■ Data provided

=== Begin Enclosure ===

lemma convex_pos_if_det_hess2_nonzero:
  fixes u :: "real^2 \<Rightarrow> real" and Du :: "real^2 \<Rightarrow> real^2"
  assumes cvx: "convex_on (cball 0 R) u"
    and deriv: "\<And>x. x \<in> ball 0 R \<Longrightarrow> (u has_derivative (\<lambda>h. Du x \<bullet> h)) (at x)"
    and diff: "\<And>x i. x \<in> ball 0 R \<Longrightarrow> pderiv2 i u differentiable (at x)"
    and det: "\<And>x. x \<in> ball 0 R \<Longrightarrow> det (hess2 u x) \<noteq> 0"
    and u0: "u 0 = 0" and Du0: "Du 0 = 0"
    and x: "x \<in> cball 0 R" "x \<noteq> 0"
  shows "0 < u x"
proof (rule ccontr)
  assume not_pos: "\<not> 0 < u x"
  have R: "0 < R"
    using x by (auto intro: order_less_le_trans[of 0 "norm x"])
  have nonneg: "0 \<le> u y" if "y \<in> cball 0 R" for y
    using convex_on_above_tangent_within[OF cvx has_derivative_at_withinI[OF deriv[of 0]] _ that] R
    by (simp add: u0 Du0)
  have "u x = 0"
    using not_pos nonneg[OF x(1)] by simp
  define z where "z = (1/2) *\<^sub>R x"
  have line: "z + s *\<^sub>R x \<in> ball 0 R" "u (z + s *\<^sub>R x) = 0" if "\<bar>s\<bar> < 1/2" for s
  proof -
    have z_s: "z + s *\<^sub>R x = (1/2 + s) *\<^sub>R x"
      by (simp add: z_def algebra_simps)
    have "norm (z + s *\<^sub>R x) < norm x"
      using that x(2) by (simp add: z_s)
    then show "z + s *\<^sub>R x \<in> ball 0 R"
      using x(1) by simp
    have "z + s *\<^sub>R x \<in> closed_segment 0 x"
      using that by (auto simp: z_s in_segment intro!: exI[of _ "1/2 + s"])
    then show "u (z + s *\<^sub>R x) = 0"
      using convex_on_eq_0_on_segment[OF cvx nonneg, of 0 x] R x \<open>u x = 0\<close> u0 by simp
  qed
  have pderiv2_0: "pderiv2 i u (z + s *\<^sub>R x) = 0" if "\<bar>s\<bar> < 1/2" for i s
  proof -
    let ?y = "z + s *\<^sub>R x"
    have "eventually (\<lambda>y. y \<in> ball 0 R) (at ?y)"
      using line(1)[OF that] by (intro eventually_at_in_open') auto
    then have "eventually (\<lambda>y. u ?y \<le> u y) (at ?y)"
      by (rule eventually_mono) (simp add: line(2)[OF that] nonneg)
    then have "Du ?y = 0"
      using gradient_eq_0_if_local_min deriv[OF line(1)[OF that]] by blast
    then show ?thesis
      using pderiv2_eq_gradient[OF deriv[OF line(1)[OF that]]] by simp
  qed
  have z: "z \<in> ball 0 R"
    using line(1)[of 0] by simp
  have "det (hess2 u z) = 0"
    using \<open>x \<noteq> 0\<close> pderiv2_0 pderiv2_0[of 0]
    by (intro det_hess2_eq_0_if_gradient_constant_on_line[where e = "1/2"] diff[OF z]) auto
  with det[OF z] show False ..
qed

=== End Enclosure ===

■ Required action
All entries must be printed exactly, with nothing omitted.

■ Result
lemma convex_pos_if_det_hess2_nonzero:
  fixes u :: "real^2 \<Rightarrow> real" and Du :: "real^2 \<Rightarrow> real^2"
  assumes cvx: "convex_on (cball 0 R) u"
    and deriv: "\<And>x. x \<in> ball 0 R \<Longrightarrow> (u has_derivative (\<lambda>h. Du x \<bullet> h)) (at x)"
    and diff: "\<And>x i. x \<in> ball 0 R \<Longrightarrow> pderiv2 i u differentiable (at x)"
    and det: "\<And>x. x \<in> ball 0 R \<Longrightarrow> det (hess2 u x) \<noteq> 0"
    and u0: "u 0 = 0" and Du0: "Du 0 = 0"
    and x: "x \<in> cball 0 R" "x \<noteq> 0"
  shows "0 < u x"
proof (rule ccontr)
  assume not_pos: "\<not> 0 < u x"
  have R: "0 < R"
    using x by (auto intro: order_less_le_trans[of 0 "norm x"])
  have nonneg: "0 \<le> u y" if "y \<in> cball 0 R" for y
    using convex_on_above_tangent_within[OF cvx has_derivative_at_withinI[OF deriv[of 0]] _ that] R
    by (simp add: u0 Du0)
  have "u x = 0"
    using not_pos nonneg[OF x(1)] by simp
  define z where "z = (1/2) *\<^sub>R x"
  have line: "z + s *\<^sub>R x \<in> ball 0 R" "u (z + s *\<^sub>R x) = 0" if "\<bar>s\<bar> < 1/2" for s
  proof -
    have z_s: "z + s *\<^sub>R x = (1/2 + s) *\<^sub>R x"
      by (simp add: z_def algebra_simps)
    have "norm (z + s *\<^sub>R x) < norm x"
      using that x(2) by (simp add: z_s)
    then show "z + s *\<^sub>R x \<in> ball 0 R"
      using x(1) by simp
    have "z + s *\<^sub>R x \<in> closed_segment 0 x"
      using that by (auto simp: z_s in_segment intro!: exI[of _ "1/2 + s"])
    then show "u (z + s *\<^sub>R x) = 0"
      using convex_on_eq_0_on_segment[OF cvx nonneg, of 0 x] R x \<open>u x = 0\<close> u0 by simp
  qed
  have pderiv2_0: "pderiv2 i u (z + s *\<^sub>R x) = 0" if "\<bar>s\<bar> < 1/2" for i s
  proof -
    let ?y = "z + s *\<^sub>R x"
    have "eventually (\<lambda>y. y \<in> ball 0 R) (at ?y)"
      using line(1)[OF that] by (intro eventually_at_in_open') auto
    then have "eventually (\<lambda>y. u ?y \<le> u y) (at ?y)"
      by (rule eventually_mono) (simp add: line(2)[OF that] nonneg)
    then have "Du ?y = 0"
      using gradient_eq_0_if_local_min deriv[OF line(1)[OF that]] by blast
    then show ?thesis
      using pderiv2_eq_gradient[OF deriv[OF line(1)[OF that]]] by simp
  qed
  have z: "z \<in> ball 0 R"
    using line(1)[of 0] by simp
  have "det (hess2 u z) = 0"
    using \<open>x \<noteq> 0\<close> pderiv2_0 pderiv2_0[of 0]
    by (intro det_hess2_eq_0_if_gradient_constant_on_line[where e = "1/2"] diff[OF z]) auto
  with det[OF z] show False ..
qed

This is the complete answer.